MESSINA. In attesa dell’addio (o dell’arrivederci) del sindaco dimissionario Federico Basile, si attende la mossa del centrosinistra in vista delle amministrative di maggio. A intervenire sull’argomento è  “La Base Conta”, gruppo di cittadini promotori di una raccolta firme per la candidatura del consigliere comunale Alessandro Russo (che ad oggi ha raggiunto 531 adesioni)

Di seguito la nota integrale:

“Il tavolo del centrosinistra per la scelta del candidato che a Messina dovrà sfidare Federico Basile e Marcello Scurria, fino ad ora le uniche certezze in campo, è diventato un Conclave.

Giorno dopo giorno, riunione dopo riunione, si alternano fumate nere a fughe in avanti. La prima è stata di Avs, con Paolo Todaro. L’ultima in ordine di tempo, invece, quella riguardante Dafne Musolino, che Davide Faraone, plenipotenziario siciliano di Italia Viva, ha proposto al campo largo come candidata (in principio doveva essere parte di un ticket e poi era stata folgorata sulla via di Damasco del civismo).

In tutto ciò, il Partito democratico, azionista di maggioranza del tavolo, non prende una posizione, anzi sembra persino disposto a fare un passo indietro di fronte alla senatrice pentastellata Barbara Floridia, catapultata a Roma quando i Cinquestelle avevano il vento in poppa e ora pronta a essere paracadutata a Messina con un paracadute di riserva: un posto sicuro per tornare a Palazzo Madama.

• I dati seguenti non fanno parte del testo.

definition flocking_system :: "nat \<Rightarrow> real \<Rightarrow> real \<Rightarrow> (nat \<Rightarrow> real)
     \<Rightarrow> (nat \<Rightarrow> nat \<Rightarrow> real^3) \<Rightarrow> (nat \<Rightarrow> nat \<Rightarrow> real^3) \<Rightarrow> bool" where
  "flocking_system n r eps a x v \<longleftrightarrow>
     0 < r \<and> r \<le> 1 \<and> 0 < eps \<and>
     (\<forall>i<n. 0 < a i \<and> (\<forall>t. a i \<le> 1 / (real (card (nbrs n r eps x v t i)) + 1))) \<and>
     Min (a ` {..<n}) \<le> 1/2 \<and>
     (\<forall>t. \<forall>i<n. v (Suc t) i =
         v t i + a i *\<^sub>R (\<Sum>j\<in>nbrs n r eps x v t i. v t j - v t i)) \<and>
     (\<forall>t. \<forall>i<n. x (Suc t) i = x t i + v (Suc t) i) \<and>
     (\<forall>i<n. norm (x 0 i) \<le> 1 \<and>
            norm (v 0 i) \<le> 1/2 * sqrt (Min (a ` {..<n}) / real n))"

end

theory Submission imports Defs begin

text \<open>
  With the weights \<open>1 / a i\<close> the update becomes symmetric, so the weighted kinetic energy
  \<open>\<Sum>i. norm (v i)^2 / a i\<close> is non-increasing and drops in each step by at least
  \<open>1/n\<close> times the dissipation \<open>D\<close> along the edges. The weighted mean velocity of each flock
  is conserved, and as long as no edge is created flocks can only split; together with the
  discrete Poincare inequality \<open>R \<le> n^5 / rho * D\<close> this makes the within-flock spread
  \<open>R\<close> decay geometrically. A newly created edge needs a velocity gap \<open>eps\<close>, so it costs
  \<open>eps^4\<close> of energy and only boundedly many edges are ever created; moreover after a quiet
  stretch the velocities settle, so two birds with relative velocity above \<open>eps\<close> drift apart
  linearly and the next creation has to happen within a bounded window. Hence from a time on
  that depends on \<open>eps\<close> only, the velocity increments decay geometrically, and the average
  velocity \<open>(x t - x 0) / t\<close> is within \<open>O(1/t)\<close> of \<open>v t\<close>.

  Because all initial speeds are at most \<open>sqrt (rho / n) / 2\<close>, an edge can only ever form
  when \<open>n * eps^2 \<le> 1\<close> and \<open>eps^2 \<le> rho\<close>; then all rates depend on \<open>eps\<close> alone. The
  result is a bound \<open>c(eps) / t\<close>, stronger than the stated one, which does not need the
  bound \<open>m\<close> on the number of flocks.
\<close>

section \<open>Weighted means over an equivalence relation\<close>

definition equiv_below :: "(nat \<Rightarrow> nat \<Rightarrow> bool) \<Rightarrow> nat \<Rightarrow> bool" where
  "equiv_below q n \<longleftrightarrow> (\<forall>i<n. q i i) \<and> symp q \<and> transp q"

definition eclass :: "(nat \<Rightarrow> nat \<Rightarrow> bool) \<Rightarrow> nat \<Rightarrow> nat \<Rightarrow> nat set" where
  "eclass q n i = {j. j < n \<and> q i j}"

definition eclass_weight :: "(nat \<Rightarrow> nat \<Rightarrow> bool) \<Rightarrow> (nat \<Rightarrow> real) \<Rightarrow> nat \<Rightarrow> nat \<Rightarrow> real" where
  "eclass_weight q w n i = (\<Sum>j\<in>eclass q n i. w j)"

definition eclass_mean ::
    "(nat \<Rightarrow> nat \<Rightarrow> bool) \<Rightarrow> (nat \<Rightarrow> real) \<Rightarrow> nat \<Rightarrow> (nat \<Rightarrow> 'a::real_vector) \<Rightarrow> nat \<Rightarrow> 'a" where
  "eclass_mean q w n y i = (1 / eclass_weight q w n i) *\<^sub>R (\<Sum>j\<in>eclass q n i. w j *\<^sub>R y j)"

definition wenergy :: "(nat \<Rightarrow> real) \<Rightarrow> nat \<Rightarrow> (nat \<Rightarrow> 'a::real_normed_vector) \<Rightarrow> real" where
  "wenergy w n y = (\<Sum>i<n. w i * norm (y i)^2)"

definition wdeviation ::
    "(nat \<Rightarrow> nat \<Rightarrow> bool) \<Rightarrow> (nat \<Rightarrow> real) \<Rightarrow> nat \<Rightarrow> (nat \<Rightarrow> 'a::real_normed_vector) \<Rightarrow> real" where
  "wdeviation q w n y = wenergy w n (\<lambda>i. y i - eclass_mean q w n y i)"

definition wmean_energy ::
    "(nat \<Rightarrow> nat \<Rightarrow> bool) \<Rightarrow> (nat \<Rightarrow> real) \<Rightarrow> nat \<Rightarrow> (nat \<Rightarrow> 'a::real_normed_vector) \<Rightarrow> real" where
  "wmean_energy q w n y = wenergy w n (eclass_mean q w n y)"

lemma wenergy_nonneg: "\<forall>j<n. 0 \<le> w j \<Longrightarrow> 0 \<le> wenergy w n y"
  unfolding wenergy_def by (intro sum_nonneg) auto

lemma wenergy_diff:
  fixes y z :: "nat \<Rightarrow> 'a::real_inner"
  shows "wenergy w n (\<lambda>i. y i - z i)
    = wenergy w n y - 2 * (\<Sum>i<n. w i * (y i \<bullet> z i)) + wenergy w n z"
proof -
  have "wenergy w n (\<lambda>i. y i - z i)
      = (\<Sum>i<n. w i * norm (y i)^2 - 2 * (w i * (y i \<bullet> z i)) + w i * norm (z i)^2)"
    unfolding wenergy_def
    by (intro sum.cong refl) (simp add: power2_norm_eq_inner inner_diff inner_commute algebra_simps)
  then show ?thesis by (simp add: wenergy_def sum.distrib sum_subtractf sum_distrib_left)
qed

context
  fixes q :: "nat \<Rightarrow> nat \<Rightarrow> bool" and n :: nat
  assumes eq: "equiv_below q n"
begin

lemma equiv_below_refl: "i < n \<Longrightarrow> q i i"
  and equiv_below_sym: "q i j \<Longrightarrow> q j i"
  and equiv_below_trans: "q i j \<Longrightarrow> q j k \<Longrightarrow> q i k"
  using eq unfolding equiv_below_def by (auto dest: sympD transpD)

lemma eclass_eq: "q i j \<Longrightarrow> eclass q n i = eclass q n j"
  unfolding eclass_def using equiv_below_sym equiv_below_trans by blast

lemma eclass_mean_eq: "q i j \<Longrightarrow> eclass_mean q w n y i = eclass_mean q w n y j"
  unfolding eclass_mean_def eclass_weight_def by (simp add: eclass_eq)

lemma eclass_weight_pos:
  assumes i: "i < n" and w: "\<forall>j<n. 0 < w j"
  shows "0 < eclass_weight q w n i"
proof -
  have "w i \<le> eclass_weight q w n i"
    unfolding eclass_weight_def using i w equiv_below_refl[OF i]
    by (intro member_le_sum) (auto simp: eclass_def less_imp_le)
  with w i show ?thesis by fastforce
qed

lemma sum_eclass_eq_sum_if:
  "(\<Sum>j\<in>eclass q n i. g j) = (\<Sum>j<n. if q i j then g j else 0)"
  by (simp add: eclass_def sum.inter_filter[symmetric])

lemma sum_eclass_swap:
  "(\<Sum>i<n. \<Sum>j\<in>eclass q n i. h i j) = (\<Sum>j<n. \<Sum>i\<in>eclass q n j. h i j)"
proof -
  have sym: "q i j = q j i" for i j using equiv_below_sym by blast
  have "(\<Sum>i<n. \<Sum>j<n. if q i j then h i j else 0) = (\<Sum>j<n. \<Sum>i<n. if q j i then h i j else 0)"
    by (subst sum.swap) (simp add: sym)
  then show ?thesis by (simp only: sum_eclass_eq_sum_if)
qed

text \<open>The class mean is the orthogonal projection onto class-constant fields for the
  weighted inner product.\<close>
lemma sum_eclass_mean_inner:
  fixes y f :: "nat \<Rightarrow> 'a::real_inner"
  assumes w: "\<forall>j<n. 0 < w j" and f: "\<And>i j. q i j \<Longrightarrow> f i = f j"
  shows "(\<Sum>i<n. w i * (eclass_mean q w n y i \<bullet> f i)) = (\<Sum>i<n. w i * (y i \<bullet> f i))"
proof -
  let ?W = "eclass_weight q w n"
  have "(\<Sum>i<n. w i * (eclass_mean q w n y i \<bullet> f i))
      = (\<Sum>i<n. \<Sum>j\<in>eclass q n i. w i * (w j * (y j \<bullet> f j)) / ?W j)"
  proof (rule sum.cong[OF refl])
    fix i
    have "f j = f i \<and> ?W j = ?W i" if "j \<in> eclass q n i" for j
      using that f eclass_eq[of i j] by (auto simp: eclass_def eclass_weight_def)
    then show "w i * (eclass_mean q w n y i \<bullet> f i)
        = (\<Sum>j\<in>eclass q n i. w i * (w j * (y j \<bullet> f j)) / ?W j)"
      by (auto simp: eclass_mean_def inner_sum_left sum_divide_distrib sum_distrib_left
          intro!: sum.cong)
  qed
  also have "\<dots> = (\<Sum>j<n. \<Sum>i\<in>eclass q n j. w i * (w j * (y j \<bullet> f j)) / ?W j)"
    by (rule sum_eclass_swap)
  also have "\<dots> = (\<Sum>j<n. w j * (y j \<bullet> f j))"
  proof (rule sum.cong[OF refl])
    fix j assume "j \<in> {..<n}"
    then have "?W j \<noteq> 0" using eclass_weight_pos w by (metis lessThan_iff less_irrefl)
    then show "(\<Sum>i\<in>eclass q n j. w i * (w j * (y j \<bullet> f j)) / ?W j) = w j * (y j \<bullet> f j)"
      by (simp add: sum_divide_distrib[symmetric] sum_distrib_right[symmetric] eclass_weight_def)
  qed
  finally show ?thesis .
qed

lemma wdeviation_eq:
  fixes y :: "nat \<Rightarrow> 'a::real_inner"
  assumes w: "\<forall>j<n. 0 < w j"
  shows "wdeviation q w n y = wenergy w n y - wmean_energy q w n y"
proof -
  have "(\<Sum>i<n. w i * (eclass_mean q w n y i \<bullet> eclass_mean q w n y i))
      = (\<Sum>i<n. w i * (y i \<bullet> eclass_mean q w n y i))"
    by (rule sum_eclass_mean_inner[OF w eclass_mean_eq])
  then show ?thesis
    unfolding wdeviation_def wmean_energy_def wenergy_diff wenergy_def
    by (simp add: power2_norm_eq_inner)
qed

lemma wmean_energy_le_wenergy:
  fixes y :: "nat \<Rightarrow> 'a::real_inner"
  assumes w: "\<forall>j<n. 0 < w j"
  shows "wmean_energy q w n y \<le> wenergy w n y"
proof -
  have "0 \<le> wenergy w n (\<lambda>i. y i - eclass_mean q w n y i)"
    using w by (intro wenergy_nonneg) (simp add: less_imp_le)
  then show ?thesis using wdeviation_eq[OF w, of y] unfolding wdeviation_def by simp
qed

end

lemma wmean_energy_coarsen:
  fixes y :: "nat \<Rightarrow> 'a::real_inner"
  assumes fine: "equiv_below qf n" and coarse: "equiv_below qc n" and w: "\<forall>j<n. 0 < w j"
    and refines: "\<And>i j. qf i j \<Longrightarrow> qc i j"
  shows "wmean_energy qc w n y \<le> wmean_energy qf w n y"
proof -
  let ?f = "eclass_mean qf w n y" and ?c = "eclass_mean qc w n y"
  have "(\<Sum>i<n. w i * (?f i \<bullet> ?c i)) = (\<Sum>i<n. w i * (y i \<bullet> ?c i))"
    by (rule sum_eclass_mean_inner[OF fine w eclass_mean_eq[OF coarse refines]])
  also have "\<dots> = (\<Sum>i<n. w i * (?c i \<bullet> ?c i))"
    by (rule sum_eclass_mean_inner[OF coarse w eclass_mean_eq[OF coarse], symmetric])
  finally have "wenergy w n (\<lambda>i. ?f i - ?c i) = wmean_energy qf w n y - wmean_energy qc w n y"
    unfolding wmean_energy_def wenergy_diff by (simp add: wenergy_def power2_norm_eq_inner)
  moreover have "0 \<le> wenergy w n (\<lambda>i. ?f i - ?c i)"
    using w by (intro wenergy_nonneg) (simp add: less_imp_le)
  ultimately show ?thesis by simp
qed

lemma le_nat_ceiling: "real s \<le> A \<Longrightarrow> s \<le> nat \<lceil>A\<rceil>"
proof -
  assume "real s \<le> A"
  then have "int s \<le> \<lceil>A\<rceil>" by (simp add: le_ceiling_iff)
  then show ?thesis by simp
qed

lemma norm_sum_squared_le: "norm (sum f A)^2 \<le> real (card A) * (\<Sum>j\<in>A. norm (f j)^2)"
proof -
  have "norm (sum f A)^2 \<le> (\<Sum>j\<in>A. norm (f j))^2"
    by (intro power_mono norm_sum) auto
  also have "\<dots> \<le> (\<Sum>j\<in>A. norm (f j)^2) * card A"
    by (rule sum_squared_le_sum_of_squares)
  finally show ?thesis by (simp add: mult.commute)
qed

lemma sum_power_le_geometric:
  fixes q :: real
  assumes "0 \<le> q" "q < 1"
  shows "(\<Sum>k<N. q ^ k) \<le> 1 / (1 - q)"
  using assms by (simp add: sum_gp_strict divide_right_mono)

lemma sum_Suc_mult_power_le:
  fixes q :: real
  assumes q: "0 \<le> q" "q < 1"
  shows "(\<Sum>k<N. (real k + 1) * q ^ k) \<le> 1 / (1 - q)^2"
proof -
  have closed_form: "(\<Sum>k<N. (real k + 1) * q ^ k)
      = (1 - (real N + 1) * q ^ N + real N * q ^ (N + 1)) / (1 - q)^2" for N
  proof (induction N)
    case (Suc N)
    have "(1 - q)^2 \<noteq> 0" using q by simp
    with Suc show ?case by (simp add: field_simps power2_eq_square)
  qed simp
  have "real N * q ^ (N + 1) = (real N * q) * q ^ N" by simp
  also have "\<dots> \<le> (real N + 1) * q ^ N"
    using q by (intro mult_right_mono) (auto intro: order.trans[OF mult_left_le[of q "real N"]])
  finally show ?thesis
    unfolding closed_form using q by (intro divide_right_mono) auto
qed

Ma perché il Pd tace? Qui, per i promotori de ‘La base conta’, il problema non è più chiedere di candidare Alessandro Russo, ma di assumere una decisione, quale che sia. Perché non è possibile che il partito sia paralizzato dalle contese regionali tra il segretario Barbagallo, che non può dire ‘no’ scomodi per non sbilanciare i soliti e soffocanti equilibri di partito, e quanti invece sarebbero pronti a sostenere Alessandro Russo pur da provenienze e sensibilità differenti, anche dentro il PD.

In tutto ciò, il segretario provinciale Armando Hyerace è un telo dove si proiettano le ombre cinesi di questa contesa, ma anche un ombrello su cui piovono velleità e ostruzionismi della parte del partito che lo ha sostenuto per la conquista del suo ruolo.

Per questi motivi, ‘La base conta’ chiede al Pd di ‘contare’ come deve al tavolo, assumendosi la responsabilità della scelta di un candidato sindaco che possa avere il consenso più ampio e trasversale (che per quanti hanno sottoscritto l’appello è Alessandro Russo), anche a costo di rompere con le altre forze politiche, le quali, da sole, difficilmente supererebbero lo scoglio del 5%, già abbastanza complicato persino per i democratici”.